## [Task]
Find the word "that" in the data. Return every line where it appears.

---- Information supplied

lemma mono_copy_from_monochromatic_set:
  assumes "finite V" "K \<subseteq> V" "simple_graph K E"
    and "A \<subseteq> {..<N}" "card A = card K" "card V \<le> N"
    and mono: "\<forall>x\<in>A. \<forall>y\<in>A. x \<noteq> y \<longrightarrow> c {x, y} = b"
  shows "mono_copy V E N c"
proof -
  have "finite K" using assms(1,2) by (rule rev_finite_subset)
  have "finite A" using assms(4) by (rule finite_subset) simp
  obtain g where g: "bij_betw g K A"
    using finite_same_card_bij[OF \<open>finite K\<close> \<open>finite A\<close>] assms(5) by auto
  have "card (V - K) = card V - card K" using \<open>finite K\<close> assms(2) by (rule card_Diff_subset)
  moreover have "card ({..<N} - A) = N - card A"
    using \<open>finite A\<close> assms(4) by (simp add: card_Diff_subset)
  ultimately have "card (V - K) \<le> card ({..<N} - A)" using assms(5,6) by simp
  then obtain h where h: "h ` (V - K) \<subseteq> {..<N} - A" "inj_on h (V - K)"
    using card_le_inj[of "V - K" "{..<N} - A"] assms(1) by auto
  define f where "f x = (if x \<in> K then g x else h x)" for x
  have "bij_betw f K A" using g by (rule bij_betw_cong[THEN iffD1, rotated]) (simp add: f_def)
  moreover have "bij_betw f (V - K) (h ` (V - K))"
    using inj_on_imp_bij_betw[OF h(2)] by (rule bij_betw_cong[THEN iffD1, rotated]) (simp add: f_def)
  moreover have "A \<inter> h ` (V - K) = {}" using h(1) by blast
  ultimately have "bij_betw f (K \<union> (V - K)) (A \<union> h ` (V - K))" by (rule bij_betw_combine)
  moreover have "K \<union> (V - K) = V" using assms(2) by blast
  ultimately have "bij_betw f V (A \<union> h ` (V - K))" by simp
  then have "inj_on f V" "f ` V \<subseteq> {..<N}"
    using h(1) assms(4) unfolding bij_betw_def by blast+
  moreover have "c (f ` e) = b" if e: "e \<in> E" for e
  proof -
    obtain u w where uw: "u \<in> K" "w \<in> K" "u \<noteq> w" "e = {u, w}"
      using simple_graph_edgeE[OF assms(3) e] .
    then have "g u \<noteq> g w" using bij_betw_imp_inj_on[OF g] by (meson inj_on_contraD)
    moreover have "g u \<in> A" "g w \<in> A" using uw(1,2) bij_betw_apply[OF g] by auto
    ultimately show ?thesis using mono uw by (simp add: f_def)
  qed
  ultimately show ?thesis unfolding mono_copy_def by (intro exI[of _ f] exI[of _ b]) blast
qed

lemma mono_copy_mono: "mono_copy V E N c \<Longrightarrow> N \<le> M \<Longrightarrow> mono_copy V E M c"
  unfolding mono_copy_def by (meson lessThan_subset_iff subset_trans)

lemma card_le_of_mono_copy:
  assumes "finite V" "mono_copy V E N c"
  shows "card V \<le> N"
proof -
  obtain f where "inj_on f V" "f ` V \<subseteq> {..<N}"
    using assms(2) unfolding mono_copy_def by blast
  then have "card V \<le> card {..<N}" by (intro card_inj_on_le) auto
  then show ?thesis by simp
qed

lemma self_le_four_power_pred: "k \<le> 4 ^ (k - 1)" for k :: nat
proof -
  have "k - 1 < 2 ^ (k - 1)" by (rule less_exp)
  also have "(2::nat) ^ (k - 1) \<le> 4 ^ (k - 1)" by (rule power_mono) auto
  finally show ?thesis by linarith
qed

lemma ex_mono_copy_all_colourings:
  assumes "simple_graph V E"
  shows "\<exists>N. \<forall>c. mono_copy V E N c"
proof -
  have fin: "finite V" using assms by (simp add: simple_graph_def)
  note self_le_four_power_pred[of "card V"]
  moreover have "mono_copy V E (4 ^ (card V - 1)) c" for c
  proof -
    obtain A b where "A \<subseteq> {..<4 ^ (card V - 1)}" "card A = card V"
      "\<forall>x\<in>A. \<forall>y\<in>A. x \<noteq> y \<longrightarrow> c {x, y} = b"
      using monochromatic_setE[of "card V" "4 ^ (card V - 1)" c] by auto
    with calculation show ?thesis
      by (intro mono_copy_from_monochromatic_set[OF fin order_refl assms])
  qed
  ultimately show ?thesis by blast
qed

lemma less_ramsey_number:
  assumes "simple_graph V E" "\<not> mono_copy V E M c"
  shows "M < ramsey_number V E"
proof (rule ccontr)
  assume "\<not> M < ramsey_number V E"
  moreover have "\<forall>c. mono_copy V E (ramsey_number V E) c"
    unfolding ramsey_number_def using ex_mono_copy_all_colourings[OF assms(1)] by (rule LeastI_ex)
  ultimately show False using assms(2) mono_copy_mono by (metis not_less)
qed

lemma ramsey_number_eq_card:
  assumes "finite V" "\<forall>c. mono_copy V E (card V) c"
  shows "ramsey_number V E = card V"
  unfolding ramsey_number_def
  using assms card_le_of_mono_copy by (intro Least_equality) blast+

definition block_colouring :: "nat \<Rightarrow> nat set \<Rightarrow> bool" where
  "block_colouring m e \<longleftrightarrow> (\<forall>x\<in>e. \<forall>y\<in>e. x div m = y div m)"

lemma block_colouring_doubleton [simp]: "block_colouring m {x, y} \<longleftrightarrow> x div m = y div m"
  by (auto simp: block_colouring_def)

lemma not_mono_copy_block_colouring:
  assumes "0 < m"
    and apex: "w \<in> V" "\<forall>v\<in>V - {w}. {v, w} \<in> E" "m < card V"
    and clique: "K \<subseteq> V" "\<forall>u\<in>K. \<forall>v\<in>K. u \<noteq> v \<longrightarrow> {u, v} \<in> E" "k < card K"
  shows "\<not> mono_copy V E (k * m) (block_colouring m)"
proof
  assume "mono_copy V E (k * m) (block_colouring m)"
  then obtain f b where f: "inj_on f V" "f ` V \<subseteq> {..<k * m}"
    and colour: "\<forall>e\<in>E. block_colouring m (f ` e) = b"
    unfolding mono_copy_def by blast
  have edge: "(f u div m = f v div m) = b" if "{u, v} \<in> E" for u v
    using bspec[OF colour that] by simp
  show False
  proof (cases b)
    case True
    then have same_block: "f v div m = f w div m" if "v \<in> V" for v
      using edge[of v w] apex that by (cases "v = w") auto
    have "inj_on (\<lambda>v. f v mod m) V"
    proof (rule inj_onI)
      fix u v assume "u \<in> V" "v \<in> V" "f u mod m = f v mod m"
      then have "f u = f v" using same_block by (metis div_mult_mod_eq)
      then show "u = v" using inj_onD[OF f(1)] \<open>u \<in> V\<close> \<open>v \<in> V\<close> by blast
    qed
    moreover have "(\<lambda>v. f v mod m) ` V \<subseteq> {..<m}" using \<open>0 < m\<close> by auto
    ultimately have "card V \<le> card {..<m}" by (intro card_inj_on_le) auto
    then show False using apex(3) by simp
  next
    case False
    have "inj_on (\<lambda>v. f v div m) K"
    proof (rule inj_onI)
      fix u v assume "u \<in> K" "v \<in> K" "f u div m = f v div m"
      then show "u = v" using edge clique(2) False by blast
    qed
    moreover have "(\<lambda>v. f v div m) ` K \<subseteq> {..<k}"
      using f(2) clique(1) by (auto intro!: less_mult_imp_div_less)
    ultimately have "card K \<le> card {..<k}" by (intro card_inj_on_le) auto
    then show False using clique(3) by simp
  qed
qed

--------
---- Information supplied

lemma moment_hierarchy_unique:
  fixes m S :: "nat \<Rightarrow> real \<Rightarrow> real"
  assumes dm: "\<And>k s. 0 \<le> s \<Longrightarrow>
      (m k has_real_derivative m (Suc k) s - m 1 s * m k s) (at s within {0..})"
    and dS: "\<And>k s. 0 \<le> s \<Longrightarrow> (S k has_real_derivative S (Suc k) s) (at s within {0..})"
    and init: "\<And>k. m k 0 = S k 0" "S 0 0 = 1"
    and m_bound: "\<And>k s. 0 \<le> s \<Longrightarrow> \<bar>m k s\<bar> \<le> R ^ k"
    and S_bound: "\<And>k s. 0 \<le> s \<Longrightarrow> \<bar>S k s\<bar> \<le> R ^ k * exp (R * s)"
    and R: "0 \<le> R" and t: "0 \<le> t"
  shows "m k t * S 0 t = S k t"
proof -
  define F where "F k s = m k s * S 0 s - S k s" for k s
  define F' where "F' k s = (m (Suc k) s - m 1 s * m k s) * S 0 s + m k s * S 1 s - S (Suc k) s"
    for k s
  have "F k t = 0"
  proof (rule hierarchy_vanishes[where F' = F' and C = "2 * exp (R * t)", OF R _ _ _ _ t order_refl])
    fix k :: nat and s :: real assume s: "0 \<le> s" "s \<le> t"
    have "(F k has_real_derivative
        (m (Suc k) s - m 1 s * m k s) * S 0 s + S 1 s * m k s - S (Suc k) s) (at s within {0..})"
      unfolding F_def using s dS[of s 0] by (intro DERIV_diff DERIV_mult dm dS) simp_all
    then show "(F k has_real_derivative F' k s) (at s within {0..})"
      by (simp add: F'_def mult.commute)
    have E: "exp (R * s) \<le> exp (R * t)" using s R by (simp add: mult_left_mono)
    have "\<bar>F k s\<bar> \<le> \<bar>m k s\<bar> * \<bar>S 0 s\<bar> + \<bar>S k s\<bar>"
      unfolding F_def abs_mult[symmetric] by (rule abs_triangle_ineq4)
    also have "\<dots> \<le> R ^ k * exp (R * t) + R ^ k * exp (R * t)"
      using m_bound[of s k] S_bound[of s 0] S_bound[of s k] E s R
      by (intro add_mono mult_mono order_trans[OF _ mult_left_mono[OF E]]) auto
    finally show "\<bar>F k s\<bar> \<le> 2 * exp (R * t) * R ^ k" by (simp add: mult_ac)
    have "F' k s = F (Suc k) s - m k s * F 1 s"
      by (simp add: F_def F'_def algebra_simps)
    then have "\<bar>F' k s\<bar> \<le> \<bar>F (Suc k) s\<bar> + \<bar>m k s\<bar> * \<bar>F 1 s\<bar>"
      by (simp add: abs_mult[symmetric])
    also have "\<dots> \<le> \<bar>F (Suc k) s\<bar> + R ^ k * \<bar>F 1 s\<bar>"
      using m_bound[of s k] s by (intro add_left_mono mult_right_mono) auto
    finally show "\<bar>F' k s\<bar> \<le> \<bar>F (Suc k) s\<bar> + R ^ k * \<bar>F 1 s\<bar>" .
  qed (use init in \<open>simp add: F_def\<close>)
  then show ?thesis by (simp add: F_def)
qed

--------

## [Answer to the problem]
    using bspec[OF colour that] by simp
      using edge[of v w] apex that by (cases "v = w") auto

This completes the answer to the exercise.